He predicted that ‘‘Tomorrow we will have learned to understand and express all of
physics in the language of information.’’ (emphasis in the original)
Since 1990, a number of physicists—some of them inspired by Wheeler—have
made great strides toward fulfilling his ‘‘it-from-bit’’ prediction. In 2006, for
example, in his book Programming the Universe, Seth Lloyd presented impressive
evidence supporting the view that the universe is not only a vast sea of qubits, it is
actually a gigantic quantum computer:
The conventional view is that the universe is nothing but elementary particles.
That is true, but it is equally true that the universe is nothing but bits — or rather,
nothing but qubits.
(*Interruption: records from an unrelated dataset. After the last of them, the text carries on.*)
(* Let $H\trianglelefteq G\le\mathrm{Aut}~T$ be closed fractal subgroups with $H\ne1$. If $H$ is branch, then $G_H$ is branch and $$|G_H:H|=|\pi_D(G_H):\pi_D(H)|<\infty,$$ where $D$ is the depth of $H$ as a group of finite type.
   Context: $T$ is the $d$-adic rooted tree; $\mathcal L_n$ its $n$th level; $T^n$ the subtree of vertices at depth $\le n$; $\pi_n:\mathrm{Aut}~T\to\mathrm{Aut}~T^n$ restriction; congruence topology on $\mathrm{Aut}~T$. For $g\in\mathrm{Aut}~T$, vertex $v$ and $1\le n\le\infty$, the section $g|_v^n\in\mathrm{Aut}~T^n$ is defined by $(vw)^g=v^gw^{g|_v^n}$ for $w\in T^n$; write $g|_v=g|_v^\infty$. Fractal: closed under sections, level-transitive, and $\{g|_v:g\in G,v^g=v\}=G$ for all $v$. $\mathrm{rist}_G(v)$: elements fixing all non-descendants of $v$; $\mathrm{Rist}_G(n)=\prod_{v\in\mathcal L_n}\mathrm{rist}_G(v)$; $G$ branch if level-transitive and $|G:\mathrm{Rist}_G(n)|<\infty$ for all $n$. For $D\ge1$ and $\mathcal P\le\mathrm{Aut}~T^D$, $G_{\mathcal P}:=\{g:g|_v^D\in\mathcal P\ \forall v\}$; a group is of finite type of depth $D$ if it equals some such $G_{\mathcal P}$ (a closed fractal group is branch iff it is of finite type). $G_H:=\{g\in G:(g|_v)(g|_w)^{-1}\in H\ \forall v,w\}$. *)

theory Defs
  imports "HOL-Algebra.Algebra" "HOL-Library.Sublist"
begin

text \<open>Vertices of the d-adic rooted tree T are words over {0..<d}; the root is []. The action is on the right: v^g = g v, and the product
  g h (first g, then h) is the function h o g.\<close>

definition V :: "nat \<Rightarrow> nat list set" where
  "V d = {w. set w \<subseteq> {..<d}}"

definition Lev :: "nat \<Rightarrow> nat \<Rightarrow> nat list set" where
  "Lev d n = {w \<in> V d. length w = n}"

definition Vle :: "nat \<Rightarrow> nat \<Rightarrow> nat list set" where
  "Vle d n = {w \<in> V d. length w \<le> n}"

definition is_aut_on :: "nat list set \<Rightarrow> (nat list \<Rightarrow> nat list) \<Rightarrow> bool" where
  "is_aut_on S f \<longleftrightarrow> bij_betw f S S \<and> (\<forall>w\<in>S. length (f w) = length w)
     \<and> (\<forall>u\<in>S. \<forall>w\<in>S. prefix u w \<longrightarrow> prefix (f u) (f w)) \<and> (\<forall>w. w \<notin> S \<longrightarrow> f w = w)"

definition AutT :: "nat \<Rightarrow> (nat list \<Rightarrow> nat list) monoid" where
  "AutT d = \<lparr>carrier = {f. is_aut_on (V d) f}, monoid.mult = (\<lambda>g h. h \<circ> g), monoid.one = id\<rparr>"

definition AutTn :: "nat \<Rightarrow> nat \<Rightarrow> (nat list \<Rightarrow> nat list) monoid" where
  "AutTn d n = \<lparr>carrier = {f. is_aut_on (Vle d n) f}, monoid.mult = (\<lambda>g h. h \<circ> g), monoid.one = id\<rparr>"

definition restr :: "nat \<Rightarrow> nat \<Rightarrow> (nat list \<Rightarrow> nat list) \<Rightarrow> (nat list \<Rightarrow> nat list)" where
  "restr d n g = (\<lambda>w. if w \<in> Vle d n then g w else w)"

text \<open>Section g|_v : (v w)^g = v^g w^(g|_v).\<close>
definition sec :: "nat \<Rightarrow> (nat list \<Rightarrow> nat list) \<Rightarrow> nat list \<Rightarrow> (nat list \<Rightarrow> nat list)" where
  "sec d g v = (\<lambda>w. if w \<in> V d then drop (length v) (g (v @ w)) else w)"

definition secn :: "nat \<Rightarrow> nat \<Rightarrow> (nat list \<Rightarrow> nat list) \<Rightarrow> nat list \<Rightarrow> (nat list \<Rightarrow> nat list)" where
  "secn d n g v = restr d n (sec d g v)"

definition closed_cong :: "nat \<Rightarrow> (nat list \<Rightarrow> nat list) set \<Rightarrow> bool" where
  "closed_cong d G \<longleftrightarrow> (\<forall>g \<in> carrier (AutT d).
      (\<forall>n. \<exists>h\<in>G. restr d n h = restr d n g) \<longrightarrow> g \<in> G)"

definition level_transitive :: "nat \<Rightarrow> (nat list \<Rightarrow> nat list) set \<Rightarrow> bool" where
  "level_transitive d G \<longleftrightarrow> (\<forall>n. \<forall>u\<in>Lev d n. \<forall>v\<in>Lev d n. \<exists>g\<in>G. g u = v)"

definition fractal :: "nat \<Rightarrow> (nat list \<Rightarrow> nat list) set \<Rightarrow> bool" where
  "fractal d G \<longleftrightarrow> (\<forall>g\<in>G. \<forall>v\<in>V d. sec d g v \<in> G) \<and> level_transitive d G
     \<and> (\<forall>v\<in>V d. {sec d g v | g. g \<in> G \<and> g v = v} = G)"

definition rist :: "nat \<Rightarrow> (nat list \<Rightarrow> nat list) set \<Rightarrow> nat list \<Rightarrow> (nat list \<Rightarrow> nat list) set" where
  "rist d G v = {g \<in> G. \<forall>u\<in>V d. \<not> prefix v u \<longrightarrow> g u = u}"

text \<open>Rist_G(n): the (internal direct) product of the rist_G(v), v in level n,
  i.e. the subgroup they generate.\<close>
definition Rist :: "nat \<Rightarrow> (nat list \<Rightarrow> nat list) set \<Rightarrow> nat \<Rightarrow> (nat list \<Rightarrow> nat list) set" where
  "Rist d G n = generate (AutT d) (\<Union>v\<in>Lev d n. rist d G v)"

text \<open>Set of right cosets of B in A (inside the group structure M); |A:B| is its cardinality.\<close>
definition cosets_in :: "('a, 'b) monoid_scheme \<Rightarrow> 'a set \<Rightarrow> 'a set \<Rightarrow> 'a set set" where
  "cosets_in M A B = rcosets\<^bsub>M\<lparr>carrier := A\<rparr>\<^esub> B"

definition branch :: "nat \<Rightarrow> (nat list \<Rightarrow> nat list) set \<Rightarrow> bool" where
  "branch d G \<longleftrightarrow> level_transitive d G \<and> (\<forall>n. finite (cosets_in (AutT d) G (Rist d G n)))"

definition GP :: "nat \<Rightarrow> nat \<Rightarrow> (nat list \<Rightarrow> nat list) set \<Rightarrow> (nat list \<Rightarrow> nat list) set" where
  "GP d D P = {g \<in> carrier (AutT d). \<forall>v\<in>V d. secn d D g v \<in> P}"

definition GH :: "nat \<Rightarrow> (nat list \<Rightarrow> nat list) set \<Rightarrow> (nat list \<Rightarrow> nat list) set \<Rightarrow> (nat list \<Rightarrow> nat list) set" where
  "GH d G H = {g \<in> G. \<forall>v\<in>V d. \<forall>w\<in>V d.
       sec d g v \<otimes>\<^bsub>AutT d\<^esub> inv\<^bsub>AutT d\<^esub> (sec d g w) \<in> H}"

end

theory Submission
  imports Defs
begin
lemma binary_r_Suc_le: "binary_r (Suc k) \<le> k"
  using le_prod_encode_1[of "fst (prod_decode k)" "snd (prod_decode k)"]
  by (simp add: binary_r_def)

lemma less_binary_m: "k < binary_m k"
proof (induction k)
  case (Suc k)
  then show ?case using binary_r_Suc_le[of k] by simp
qed simp

lemma is_type_binary: "is_type binary_m (\<lambda>_. 2) binary_r"
  unfolding is_type_def
proof (intro conjI allI impI)
  fix x :: nat
  show "infinite {k. k \<ge> 1 \<and> binary_r k = x}"
    unfolding infinite_nat_iff_unbounded_le
  proof
    fix N
    have "N \<le> Suc (prod_encode (x, N))"
      using le_prod_encode_2[of N x] by linarith
    moreover have "binary_r (Suc (prod_encode (x, N))) = x"
      by (simp add: binary_r_def)
    ultimately show "\<exists>k\<ge>N. k \<in> {k. k \<ge> 1 \<and> binary_r k = x}" by fastforce
  qed
next
  fix k show "binary_r (Suc k) < binary_m k"
    using binary_r_Suc_le[of k] less_binary_m[of k] by simp
qed simp_all

locale scheme =
  fixes X :: "'a::linorder set" and F :: "'a set set" and m n r :: "nat \<Rightarrow> nat"
  assumes construction_scheme: "construction_scheme X F m n r"
begin

lemma level_finite: "A \<in> level F k \<Longrightarrow> finite A"
  using construction_scheme unfolding construction_scheme_def level_def by simp

lemma level_card: "A \<in> level F k \<Longrightarrow> card A = m k"
  using construction_scheme unfolding construction_scheme_def by simp

lemma level_decomp:
  assumes "A \<in> level F (Suc k)"
  obtains Fs R where "decomp (level F k) (n (Suc k)) (r (Suc k)) A Fs R"
  using construction_scheme assms unfolding construction_scheme_def by (elim conjE) metis

lemma level_coherent:
  assumes "E \<in> level F k" "A \<in> level F k" "x \<in> E" "x \<in> A" "y \<in> E" "y < x"
  shows "y \<in> A"
proof -
  have "init_seg (E \<inter> A) E"
    using construction_scheme assms(1,2) unfolding construction_scheme_def by simp
  then show ?thesis using assms(3-6) unfolding init_seg_def by blast
qed

lemma level_less_eq:
  assumes "E \<in> level F k" "A \<in> level F k" "x \<in> E" "x \<in> A"
  shows "{z\<in>E. z < x} = {z\<in>A. z < x}"
  using level_coherent[OF assms] level_coherent[OF assms(2,1,4,3)] by blast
Mindful that if it walks like a duck and it quacks like a duck
then it’s a ducksince the universe registers and processes information like a
quantum computer, and is observationally indistinguishable from a quantum
computer, then it is a quantum computer. (p. 154, emphasis in the original)
More recently, in 2011, three physicists used axioms from information processing to
derive the mathematical framework of quantum mechanics (Chiribella et al. 2011).
These are only two of a growing number of achievements that have begun to fulfill
Wheeler’s ‘‘it from bit’’ prediction.
If, for purposes of the present essay, we assume that the ‘‘bits’’ which Wheeler
mentioned in his ‘‘it from bit’’ prediction, are qubits, then Wheeler’s view would be
that qubits are responsible for the very existence of every particle and every field of
force—even for spacetime itself. This, in turn, would mean that qubits must have
existed prior to every other thing in our universe, and they must have been involved
in the Big Bang. As Seth Lloyd has said, ‘The Big Bang was also a Bit Bang’’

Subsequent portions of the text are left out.